- [Provided data]
lemma fdim_le_card:
  assumes "finite S"
  shows "fdim S \<le> int (card S) - 1"
proof (cases "S = {}")
  case True
  then show ?thesis by (simp add: fdim_def Fl_def)
next
  case False
  then obtain a where a: "a \<in> S" by blast
  let ?X = "(\<lambda>x. -a + x) ` (S - {a})"
  have "dim ?X \<le> card ?X"
    using assms by (intro dim_le_card') simp
  also have "\<dots> \<le> card (S - {a})"
    using assms by (intro card_image_le) simp
  also have "\<dots> = card S - 1"
    using a assms by simp
  finally have "dim ?X \<le> card S - 1" .
  moreover have "card S > 0"
    using a assms card_gt_0_iff by blast
  ultimately show ?thesis
    using fdim_eq_dim_translate[OF a] by linarith
qed

lemma fdim_image_Diff_le:
  assumes "finite B"
  shows "fdim (f ` (B - C)) \<le> int (card B) - int (card (B \<inter> C)) - 1"
proof -
  have "fdim (f ` (B - C)) \<le> int (card (f ` (B - C))) - 1"
    using assms by (intro fdim_le_card) simp
  moreover have "card (f ` (B - C)) \<le> card (B - C)"
    using assms by (simp add: card_image_le)
  moreover have "card B = card (B \<inter> C) + card (B - C)"
    using assms by (rule card_Int_Diff)
  ultimately show ?thesis by linarith
qed

lemma dim_less_card_if_notin_span:
  fixes W E :: "'a::real_vector set"
  assumes "finite E" "W \<subseteq> span E" "v \<in> span E" "v \<notin> span W"
  shows "dim W < card E"
proof -
  obtain b where b: "b \<subseteq> W" "independent b" "card b = dim W"
    using basis_exists[of W] by metis
  have "v \<notin> span b"
    using assms(4) span_mono[OF b(1)] by blast
  then have indep: "independent (insert v b)" and "v \<notin> b"
    using independent_insertI[OF _ b(2)] span_base by blast+
  have "insert v b \<subseteq> span E"
    using assms(2,3) b(1) span_base by blast
  then have "finite (insert v b)" "card (insert v b) \<le> card E"
    using independent_span_bound[OF assms(1) indep] by simp_all
  then show ?thesis
    using \<open>v \<notin> b\<close> b(3) by simp
qed

lemma sum_fun_apply: "(sum f A) x = (\<Sum>a\<in>A. f a x)"
  for f :: "'a \<Rightarrow> 'b \<Rightarrow> 'c::comm_monoid_add"
  by (induction A rule: infinite_finite_induct) auto

lemma supported_in_span_indicators:
  fixes f :: "'a \<Rightarrow> real"
  assumes "finite K" "\<And>k. k \<notin> K \<Longrightarrow> f k = 0"
  shows "f \<in> span ((\<lambda>k. indicator {k}) ` K)"
proof -
  have "f = (\<Sum>k\<in>K. f k *\<^sub>R indicator {k})"
  proof
    fix x
    have "(\<Sum>k\<in>K. f k *\<^sub>R (indicator {k} :: 'a \<Rightarrow> real)) x = (\<Sum>k\<in>K. f k * indicator {k} x)"
      by (simp add: sum_fun_apply scaleR_fun_def)
    also have "\<dots> = f x"
      using assms by (cases "x \<in> K") (auto simp: indicator_def if_distrib cong: if_cong)
    finally show "f x = (\<Sum>k\<in>K. f k *\<^sub>R (indicator {k} :: 'a \<Rightarrow> real)) x" ..
  qed
  also have "\<dots> \<in> span ((\<lambda>k. indicator {k}) ` K)"
    by (intro span_sum span_scale span_base) auto
  finally show ?thesis .
qed

lemma finite_Iset: "finite (Iset e)"
  by (rule finite_subset[of _ "{0..e} \<times> {0..e}"]) (auto simp: Iset_def)

lemma monomials_le_eq_insert_Iset: "{(i, j). i + j \<le> e} = insert (0, 0) (Iset e)"
  by (auto simp: Iset_def)

lemma card_monomials_le: "card {(i, j). i + j \<le> e} = (e + 2) choose 2"
proof (induction e)
  case 0
  have "{(i, j). i + j \<le> (0::nat)} = {(0, 0)}" by auto
  then show ?case by (simp add: numeral_2_eq_2)
next
  case (Suc e)
  have split: "{(i, j). i + j \<le> Suc e} = {(i, j). i + j \<le> e} \<union> (\<lambda>i. (i, Suc e - i)) ` {0..Suc e}"
    by auto
  have "finite {(i, j). i + j \<le> e}"
    unfolding monomials_le_eq_insert_Iset using finite_Iset by simp
  moreover have "inj_on (\<lambda>i. (i, Suc e - i)) {0..Suc e}"
    by (auto simp: inj_on_def)
  ultimately have "card {(i, j). i + j \<le> Suc e}
      = card {(i, j). i + j \<le> e} + card ((\<lambda>i. (i, Suc e - i)) ` {0..Suc e})"
    unfolding split by (intro card_Un_disjoint) auto
  also have "\<dots> = ((e + 2) choose 2) + (e + 2)"
    using Suc.IH \<open>inj_on _ _\<close> by (simp add: card_image)
  also have "\<dots> = (Suc e + 2) choose 2"
    by (simp add: numeral_2_eq_2)
  finally show ?case .
qed

lemma card_Iset: "int (card (Iset e)) = bin2 e - 1"
proof -
  have "card {(i, j). i + j \<le> e} = Suc (card (Iset e))"
    unfolding monomials_le_eq_insert_Iset using finite_Iset by (simp add: Iset_def)
  then show ?thesis
    using card_monomials_le[of e] by (simp add: bin2_def)
qed

lemma psi_eq_0_outside_Iset: "k \<notin> Iset e \<Longrightarrow> psi e p k = 0"
  by (cases k) (auto simp: psi_def)

lemma inj_psi:
  assumes "e \<ge> 1"
  shows "inj (psi e)"
proof (rule injI)
  fix p q assume eq: "psi e p = psi e q"
  have "(1, 0) \<in> Iset e" "(0, 1) \<in> Iset e"
    using assms by (auto simp: Iset_def)
  then have "psi e p (1, 0) = fst p" "psi e p (0, 1) = snd p"
    "psi e q (1, 0) = fst q" "psi e q (0, 1) = snd q"
    by (auto simp: psi_def)
  then show "p = q"
    using eq by (metis prod.collapse)
qed

section \<open>Curves as preimages of affine hyperplanes\<close>

definition monomial_form :: "(nat \<times> nat \<Rightarrow> real) \<Rightarrow> nat \<Rightarrow> coords \<Rightarrow> real" where
  "monomial_form c e f = (\<Sum>k\<in>Iset e. c k * f k)"

lemma linear_monomial_form: "linear (monomial_form c e)"
  by (rule linearI)
    (auto simp: monomial_form_def sum.distrib scaleR_fun_def sum_distrib_left algebra_simps)

lemma affine_level_set_linear:
  fixes g :: "'a::real_vector \<Rightarrow> real"
  assumes "linear g"
  shows "affine {x. g x = t}"
  unfolding affine_def
proof (intro ballI allI impI)
  fix x y and u v :: real
  assume "x \<in> {x. g x = t}" "y \<in> {x. g x = t}" "u + v = 1"
  then show "u *\<^sub>R x + v *\<^sub>R y \<in> {x. g x = t}"
    using assms by (simp add: linear_add linear_scale flip: distrib_right)
qed

lemma polynomial_eq_monomial_form:
  "(\<Sum>(i, j)\<in>{(i, j). i + j \<le> e}. c (i, j) * fst p ^ i * snd p ^ j)
     = c (0, 0) + monomial_form c e (psi e p)"
proof -
  have "(\<Sum>(i, j)\<in>{(i, j). i + j \<le> e}. c (i, j) * fst p ^ i * snd p ^ j)
      = c (0, 0) + (\<Sum>(i, j)\<in>Iset e. c (i, j) * fst p ^ i * snd p ^ j)"
    unfolding monomials_le_eq_insert_Iset using finite_Iset by (simp add: Iset_def)
  also have "(\<Sum>(i, j)\<in>Iset e. c (i, j) * fst p ^ i * snd p ^ j) = monomial_form c e (psi e p)"
    unfolding monomial_form_def by (rule sum.cong) (auto simp: psi_def)
  finally show ?thesis .
qed

lemma curve_of_degreeE:
  assumes "curve_of_degree e C"
  obtains c i j where "i + j = e" "c (i, j) \<noteq> 0"
    "C = psi_pre e {f. monomial_form c e f = - c (0, 0)}"
proof -
  from assms obtain c i j where "i + j = e" "c (i, j) \<noteq> 0"
    and C: "C = {p. (\<Sum>(i, j)\<in>{(i, j). i + j \<le> e}. c (i, j) * fst p ^ i * snd p ^ j) = 0}"
    unfolding curve_of_degree_def by blast
  moreover have "C = psi_pre e {f. monomial_form c e f = - c (0, 0)}"
    unfolding C polynomial_eq_monomial_form psi_pre_def by auto
  ultimately show thesis using that by blast
qed

lemma psi_pre_Ve_subset_curve:
  assumes "curve_of_degree e C" "D \<subseteq> C"
  shows "psi_pre e (Ve e D) \<subseteq> C"
proof -
  obtain c i j where C: "C = psi_pre e {f. monomial_form c e f = - c (0, 0)}"
    using curve_of_degreeE[OF assms(1)] by metis
  have "psi e ` D \<subseteq> {f. monomial_form c e f = - c (0, 0)}"
    using assms(2) by (auto simp: C psi_pre_def)
  then have "Ve e D \<subseteq> {f. monomial_form c e f = - c (0, 0)}"
    unfolding Ve_def Fl_def
    by (rule hull_minimal) (rule affine_level_set_linear[OF linear_monomial_form])
  then show ?thesis
    by (auto simp: C psi_pre_def)
qed

text \<open>The direction space of psi_e(D) lies in the kernel of the linear form of C, which
  misses the unit vector of a leading monomial; this costs one dimension.\<close>

lemma fdim_psi_subset_curve:
  assumes "e \<ge> 1" "curve_of_degree e C" "D \<subseteq> C"
  shows "fdim (psi e ` D) \<le> bin2 e - 2"
proof (cases "D = {}")
  case True
  then show ?thesis by (simp add: fdim_def Fl_def bin2_def Suc_le_eq)
next
  case False
  then obtain a where a: "a \<in> D" by blast
  obtain c i j where ij: "i + j = e" "c (i, j) \<noteq> 0"
    and C: "C = psi_pre e {f. monomial_form c e f = - c (0, 0)}"
    using curve_of_degreeE[OF assms(2)] by metis
  let ?X = "(\<lambda>x. - psi e a + x) ` (psi e ` D - {psi e a})"
  define E :: "coords set" where "E = (\<lambda>k. indicator {k}) ` Iset e"
  have "finite E"
    unfolding E_def using finite_Iset by simp
  have "(i, j) \<in> Iset e"
    using ij assms(1) by (simp add: Iset_def)
  then have "indicator {(i, j)} \<in> span E"
    by (auto simp: E_def intro: span_base)
  have "?X \<subseteq> span E"
    unfolding E_def
    by (auto intro!: supported_in_span_indicators finite_Iset simp: psi_eq_0_outside_Iset)
  have on_C: "monomial_form c e (psi e q) = - c (0, 0)" if "q \<in> D" for q
    using that assms(3) by (auto simp: C psi_pre_def)
  have "monomial_form c e (- psi e a + psi e q) = 0" if "q \<in> D" for q
    using on_C[OF that] on_C[OF a]
    by (simp add: linear_diff[OF linear_monomial_form])
  then have "?X \<subseteq> {f. monomial_form c e f = 0}"
    by blast
  then have "span ?X \<subseteq> {f. monomial_form c e f = 0}"
    by (rule span_minimal) (rule real_vector.linear_subspace_kernel[OF linear_monomial_form])
  moreover have "monomial_form c e (indicator {(i, j)}) = c (i, j)"
    using \<open>(i, j) \<in> Iset e\<close> finite_Iset by (simp add: monomial_form_def indicator_def)
  ultimately have "indicator {(i, j)} \<notin> span ?X"
    using ij(2) by auto
  with \<open>finite E\<close> \<open>?X \<subseteq> span E\<close> \<open>indicator {(i, j)} \<in> span E\<close>
  have "dim ?X < card E"
    by (rule dim_less_card_if_notin_span)
  moreover have "card E \<le> card (Iset e)"
    unfolding E_def using finite_Iset by (rule card_image_le)
  ultimately show ?thesis
    using fdim_eq_dim_translate[of "psi e a"] a card_Iset[of e] by simp
qed

lemma
  assumes "e \<ge> 1" "curve_of_degree e C" "finite B"
  shows gamma_Int_curve: "gamma e B (B \<inter> C) = card (B \<inter> C)"
    and We_Int_curve: "We d e B (B \<inter> C) = Fl (psi (d - e) ` (B - C))"
    and alpha_Int_curve_nonneg: "alpha e (B \<inter> C) \<ge> 0"
proof -
  have "psi_pre e (Ve e (B \<inter> C)) \<subseteq> C"
    using psi_pre_Ve_subset_curve[OF assms(2)] by blast
  moreover have "psi e ` (B \<inter> C) \<subseteq> Ve e (B \<inter> C)"
    by (auto simp: Ve_def Fl_def hull_inc)
  ultimately have Ve_psi: "Ve e (B \<inter> C) \<inter> psi e ` B = psi e ` (B \<inter> C)"
    and pre: "B - psi_pre e (Ve e (B \<inter> C)) = B - C"
    by (auto simp: psi_pre_def)
  show "gamma e B (B \<inter> C) = card (B \<inter> C)"
    using inj_psi[OF assms(1)] by (simp add: gamma_def Ve_psi card_image inj_on_subset)
  show "We d e B (B \<inter> C) = Fl (psi (d - e) ` (B - C))"
    by (simp add: We_def pre)
  show "alpha e (B \<inter> C) \<ge> 0"
    using fdim_psi_subset_curve[OF assms(1,2)] by (simp add: alpha_def)
qed

lemma curve_section_bounds:
  fixes B C0 :: "point set"
  assumes "finite B" "int (card B) = bin2 d - 3"
    and iv: "\<forall>(e, D)\<in>Iidx d B C0. max (tau d e B D) (mu d e B D) < bin2 d"
    and v: "\<forall>(e, D)\<in>({1..d-1} \<times> Pow B) - Iidx d B C0. alpha e D \<ge> 0 \<longrightarrow>
           int (gamma e B D) < bin2 d - bin2 (d - e) \<and> beta d e B D < 0"
    and e: "e \<in> {1..d-1}" and C: "curve_of_degree e C"
  shows "int (card (B \<inter> C)) < bin2 d - bin2 (d - e) \<and>
     (fdim (psi (d - e) ` (B - C)) > bin2 (d - e) - 3 \<or>
      int (card (B \<inter> C)) = bin2 d - bin2 (d - e) - 1 \<and>
      fdim (psi (d - e) ` (B - C)) = bin2 (d - e) - 3)"
proof -
  let ?D = "B \<inter> C"
  have e1: "e \<ge> 1" using e by simp
  note gamma = gamma_Int_curve[OF e1 C \<open>finite B\<close>]
  note alpha = alpha_Int_curve_nonneg[OF e1 C \<open>finite B\<close>]
  have beta: "beta d e B ?D = bin2 (d - e) - 3 - fdim (psi (d - e) ` (B - C))"
    by (simp add: beta_def We_Int_curve[OF e1 C \<open>finite B\<close>] fdim_Fl)
  show ?thesis
  proof (cases "(e, ?D) \<in> Iidx d B C0")
    case False
    with e have "(e, ?D) \<in> ({1..d-1} \<times> Pow B) - Iidx d B C0"
      by blast
    from bspec[OF v this] alpha
    have "int (gamma e B ?D) < bin2 d - bin2 (d - e) \<and> beta d e B ?D < 0"
      by simp
    then show ?thesis
      using gamma beta by simp
  next
    case True
    from bspec[OF iv this] have max: "max (tau d e B ?D) (mu d e B ?D) < bin2 d"
      by simp
    then have card: "int (card ?D) < bin2 d - bin2 (d - e)"
      using alpha gamma by (simp add: mu_def)
    show ?thesis
    proof (cases "beta d e B ?D < 0")
      case True
      then show ?thesis
        using card beta by simp
    next
      case False
      have "int (card ?D) = bin2 d - bin2 (d - e) - 1 \<and> beta d e B ?D = 0"
        using max False card alpha gamma assms(2) unfolding tau_def by (auto split: if_splits)
      then show ?thesis
        using card beta by simp
    qed
  qed
qed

- [Work item]
All lines of the material that contain the string "fixes" are to be copied.

- [Completed task]
  fixes W E :: "'a::real_vector set"
  fixes f :: "'a \<Rightarrow> real"
  fixes g :: "'a::real_vector \<Rightarrow> real"
  fixes B C0 :: "point set"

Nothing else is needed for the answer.